Primary human airway cells

MucilAir™ bronchial epithelium was provided fully differentiated at air–liquid interface as 24-well plate-sized inserts by Epithelix Sàrl. ALI cultures were maintained in 700 μL of MucilAir™ medium in the basal chamber and washed apically twice weekly to remove excess mucus until treatment (Supplementary Table 1 for demographics) (Geneva, Switzerland).

BEAS2B D + Q experiments

BEAS2B cells were purchased from ATCC (Teddington, UK) and maintained in culture in keratinocyte media (Invitrogen, Paisley, UK) containing human recombinant epithelial growth factor (EGF) and bovine pituitary extracts (BPEs). Cells were stimulated for 72 h with 100 µM of H2O2 (Merck Life Science Limited, Dorset UK) before treatment with dasatinib (100 nM) and quercetin (50 µM) (Merk Life Science Limited, Dorset UK) for 24 h. Cells were then lysed for protein.

Western blotting

Protein extracts were prepared by using RIPA buffer (150 mM NaCl, 1.0% IGEPAL CA-630, 0.5% sodium deoxycholate, 0.1% SDS, and 50 mM Tris, pH 8.0; MilliporeSigma) completed with protease inhibitor cocktail (Roche, Welwyn Garden City, United Kingdom). Protein extracts (40 μg) were analyzed by using SDS-PAGE (Thermo Fisher Scientific) and detected with Western blot analysis by chemiluminescence (ECL Plus; GE Healthcare, Hatfield, United Kingdom) on LiCor Fc imaging system. Band intensities were quantified by densitometry using the LiCor Image Studio Software. p16 Rabbit Antibody (ab108349) (Abcam), p21Waf1/Cip1 Mouse Antibody (DCS60) (#2946), Phospho-Histone H2A.X (Ser139) (20E3) Rabbit antibody (#9718), and Lamin B1 (D9V6H) Rabbit antibody (#13435) were used for human cells, while p21Waf1/Cip1 Rabbit (12D1) (#2947) (Cell Signalling Technologies) was used in mice. Anti-mouse IgG, HRP-linked Antibody (#7076), and Anti-rabbit IgG, HRP-linked Antibody (#7074) were used as secondary antibodies (Cell Signalling Technologies). Protein expression levels were expressed relative to β-actin (ab49900).

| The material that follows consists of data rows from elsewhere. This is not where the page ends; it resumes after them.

(* Fix a positive integer $k$. Then there are only finitely many allowable critical data sets (for all types $(n,d,k)$ with $n>k$, $d\in\mathbb Z$) for which $C_{12}\le 0$ or $C_{21}\le 0$.
   Context: Let $0<k<n$ and $d$ be integers. Write $d=na-t$ with integers $a,t$, $0\le t<n$, and $ka=l(n-k)+t+m$ with integers $l,m$, $0\le m<n-k$. A critical data set for type $(n,d,k)$ is a tuple $A_c=(\alpha_c,n_1,d_1,k_1,n_2,d_2,k_2)$ with integers $n_i\ge1$, $k_i\ge0$, $d_i$, such that $n_1+n_2=n$, $d_1+d_2=d$, $k_1+k_2=k$, $\frac{d_2}{n_2}>\frac{d_1}{n_1}$, $\frac{k_1}{n_1}>\frac{k_2}{n_2}$, and $\alpha_c=\frac{d_2n_1-d_1n_2}{n_2k_1-n_1k_2}$. It is allowable if moreover $\frac tk<\alpha_c<\frac{ln+t}{k}$, $d\ge\frac1k(n^2-1)-(n-k)$, $d_1\ge\frac1{k_1}(n_1^2-1)-(n_1-k_1)$, and either ($k_2=0$ and $n_2=1$) or ($k_2\ge1$ and $d_2\ge\frac1{k_2}(n_2^2-1)-(n_2-k_2)$). For a critical data set define $C_{12}=-n_1n_2-d_2n_1+d_1n_2+k_1(d_2+n_2-k_2)$ and $C_{21}=-n_1n_2+d_2n_1-d_1n_2+k_2(d_1+n_1-k_1)$. *)

theory Defs
  imports Main "HOL.Real"
begin

text \<open>Type (n,d,k): d = n*a - t with 0 \<le> t < n, and k*a = l*(n-k) + t + m with 0 \<le> m < n-k.
  These integers are uniquely determined; we write them out with div/mod.\<close>

definition ty_t :: "int \<Rightarrow> int \<Rightarrow> int" where
  "ty_t n d = (- d) mod n"

definition ty_a :: "int \<Rightarrow> int \<Rightarrow> int" where
  "ty_a n d = (d + ty_t n d) div n"

definition ty_l :: "int \<Rightarrow> int \<Rightarrow> int \<Rightarrow> int" where
  "ty_l n d k = (k * ty_a n d - ty_t n d) div (n - k)"

definition ty_m :: "int \<Rightarrow> int \<Rightarrow> int \<Rightarrow> int" where
  "ty_m n d k = (k * ty_a n d - ty_t n d) mod (n - k)"

definition critical_data_set ::
  "int \<Rightarrow> int \<Rightarrow> int \<Rightarrow> real \<Rightarrow> int \<Rightarrow> int \<Rightarrow> int \<Rightarrow> int \<Rightarrow> int \<Rightarrow> int \<Rightarrow> bool" where
  "critical_data_set n d k \<alpha> n1 d1 k1 n2 d2 k2 \<longleftrightarrow>
     0 < k \<and> k < n \<and>
     n1 \<ge> 1 \<and> n2 \<ge> 1 \<and> k1 \<ge> 0 \<and> k2 \<ge> 0 \<and>
     n1 + n2 = n \<and> d1 + d2 = d \<and> k1 + k2 = k \<and>
     real_of_int d2 / real_of_int n2 > real_of_int d1 / real_of_int n1 \<and>
     real_of_int k1 / real_of_int n1 > real_of_int k2 / real_of_int n2 \<and>
     \<alpha> = real_of_int (d2 * n1 - d1 * n2) / real_of_int (n2 * k1 - n1 * k2)"

definition allowable ::
  "int \<Rightarrow> int \<Rightarrow> int \<Rightarrow> real \<Rightarrow> int \<Rightarrow> int \<Rightarrow> int \<Rightarrow> int \<Rightarrow> int \<Rightarrow> int \<Rightarrow> bool" where
  "allowable n d k \<alpha> n1 d1 k1 n2 d2 k2 \<longleftrightarrow>
     critical_data_set n d k \<alpha> n1 d1 k1 n2 d2 k2 \<and>
     real_of_int (ty_t n d) / real_of_int k < \<alpha> \<and>
     \<alpha> < real_of_int (ty_l n d k * n + ty_t n d) / real_of_int k \<and>
     real_of_int d \<ge> real_of_int (n^2 - 1) / real_of_int k - real_of_int (n - k) \<and>
     real_of_int d1 \<ge> real_of_int (n1^2 - 1) / real_of_int k1 - real_of_int (n1 - k1) \<and>
     ((k2 = 0 \<and> n2 = 1) \<or>
      (k2 \<ge> 1 \<and> real_of_int d2 \<ge> real_of_int (n2^2 - 1) / real_of_int k2 - real_of_int (n2 - k2)))"

definition C12 :: "int \<Rightarrow> int \<Rightarrow> int \<Rightarrow> int \<Rightarrow> int \<Rightarrow> int \<Rightarrow> int" where
  "C12 n1 d1 k1 n2 d2 k2 = - n1 * n2 - d2 * n1 + d1 * n2 + k1 * (d2 + n2 - k2)"

definition C21 :: "int \<Rightarrow> int \<Rightarrow> int \<Rightarrow> int \<Rightarrow> int \<Rightarrow> int \<Rightarrow> int" where
  "C21 n1 d1 k1 n2 d2 k2 = - n1 * n2 + d2 * n1 - d1 * n2 + k2 * (d1 + n1 - k1)"

end

theory Submission
  imports Defs
begin

text \<open>Write \<open>D = d\<^sub>2n\<^sub>1 - d\<^sub>1n\<^sub>2\<close> and \<open>K = n\<^sub>2k\<^sub>1 - n\<^sub>1k\<^sub>2\<close>, so that \<open>\<alpha> = D/K\<close>.
  Because \<open>d = na - t\<close>, the integer \<open>kD - tK\<close> is a multiple of \<open>n\<close>, so the window
  \<open>t/k < \<alpha> < (ln+t)/k\<close> sharpens to \<open>tK + n \<le> kD \<le> (ln+t)K - n\<close>. The case \<open>k\<^sub>2 = 0, n\<^sub>2 = 1\<close>
  and the case \<open>n\<^sub>1 = k\<^sub>1\<close> force \<open>C\<^sub>1\<^sub>2 > 0\<close> (and, in the first case, \<open>C\<^sub>2\<^sub>1 > 0\<close>). Otherwise,
  \<open>C\<^sub>1\<^sub>2 \<le> 0\<close> or \<open>C\<^sub>2\<^sub>1 \<le> 0\<close>, combined with the sharpened window and the lower bounds on the
  degrees, bounds \<open>n\<close> by a polynomial in \<open>k\<close> and \<open>d\<close> by a polynomial in the ranks; since
  \<open>d\<^sub>i \<ge> -n\<^sub>i\<close>, the degrees are then bounded as well, and \<open>\<alpha>\<close> is determined by the rest.\<close>

lemma ty_t_nonneg: "0 < n \<Longrightarrow> 0 \<le> ty_t n d"
  by (simp add: ty_t_def)

lemma ty_a_eq: "n * ty_a n d = d + ty_t n d"
proof -
  have "(d + ty_t n d) mod n = 0"
    unfolding ty_t_def by (simp add: mod_add_right_eq)
  then show ?thesis
    unfolding ty_a_def by (metis add.right_neutral mult_div_mod_eq)
qed

lemma ty_l_bounds:
  assumes "k < n"
  shows "ty_l n d k * (n - k) \<le> k * ty_a n d - ty_t n d"
    and "k * ty_a n d - ty_t n d < (ty_l n d k + 1) * (n - k)"
proof -
  let ?x = "k * ty_a n d - ty_t n d"
  have "?x = ty_l n d k * (n - k) + ty_m n d k"
    unfolding ty_l_def ty_m_def by (metis mult_div_mod_eq mult.commute)
  moreover have "0 \<le> ty_m n d k" "ty_m n d k < n - k"
    unfolding ty_m_def using assms by simp_all
  ultimately show "ty_l n d k * (n - k) \<le> ?x" "?x < (ty_l n d k + 1) * (n - k)"
    by (simp_all add: algebra_simps)
qed

lemma of_int_divide_less_divide_iff:
  fixes a b c e :: int
  assumes "0 < b" "0 < e"
  shows "real_of_int a / real_of_int b < real_of_int c / real_of_int e \<longleftrightarrow> a * e < c * b"
proof -
  have "real_of_int a / real_of_int b < real_of_int c / real_of_int e
        \<longleftrightarrow> real_of_int a * real_of_int e < real_of_int c * real_of_int b"
    using assms by (simp add: divide_less_eq less_divide_eq)
  then show ?thesis by (simp flip: of_int_mult)
qed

Murine smoke model D + Q experiments

Specific pathogen-free A/J mice (male, 5 weeks old) were purchased from Sankyo Labo Service Co. Ltd. (Tokyo, Japan) and adapted for 1 week in a temperature (24 ± 1°C) and humidity (55 ± 5%) controlled room with a 12-h day-night cycle. The mice were reared on a standard diet and tap water ad libitum. Mice were exposed to cigarette smoke (4% cigarette smoke diluent with compressed air) for 30 min/d for 3 or 11 days using the commercially marketed filtered Hi-lite cigarettes (17 mg of tar and 1.4 mg of nicotine per cigarette; Japan Tobacco Inc) using a Tobacco Smoke Inhalation Experiment System for small animals (Model SIS-CS200; Sibata Scientific Technology Ltd) as described previously (23). Smoking was then ceased on day 11, and mice were treated with oral vehicle (10% PEG400 in saline) or oral dasatinib (5 mg/kg, PO) in combination with quercetin (50 mg/kg, PO) daily for 3 days. Mice were sacrificed, and bronchoalveolar lavage (BAL) fluid and lung tissue were collected. Each whole right lung was homogenized in 500 μL of Radioimmunoprecipitation assay (RIPA) buffer, completed with a protease inhibitor cocktail, and 40 μg of cell extracts were analyzed by sodium dodecyl sulfate-polyacrylamide gel electrophoresis (SDS-PAGE). Broncho-alveolar lavage fluid (BALF) was centrifuged at 500 × g for 10 min at 4°C. The cell pellet was resuspended in 0.2% sodium chloride (NaCl) to induce hemolysis of erythrocytes. After isotonization by adding the same volume of 1.6% NaCl, the total number of BAL cells was counted and aliquoted for flow cytometry, utilizing a Fluorescein isothiocyanate (FITC) conjugated anti-macrophage (MOMA2) antibody and anti-neutrophils (7/4) antibody (Acris Antibodies (GmbH, Herford, Germany) as previously described) (28). All animal studies were approved by the Ethics Review Committee for Animal Experimentation of Nihon University.

qPCR

RNA was isolated from cells using the RNeasy mini kit (Qiagen Inc.) and reverse transcribed using the high-capacity cDNA reverse transcription kit (Life Technologies, UK). Quantification of mRNA expression [cdk2na (Mm00494449), cdkn1a (Mm04205640), tnf (Mm00443258), mmp12 (Mm00500554), and gnb2l1 (Mm01291968)] Taqman Assays were determined by real-time quantitative PCR (Applied Biosystems 7,500 Real-Time PCR System) using TaqMan gene expression master mix (Life Technologies, UK).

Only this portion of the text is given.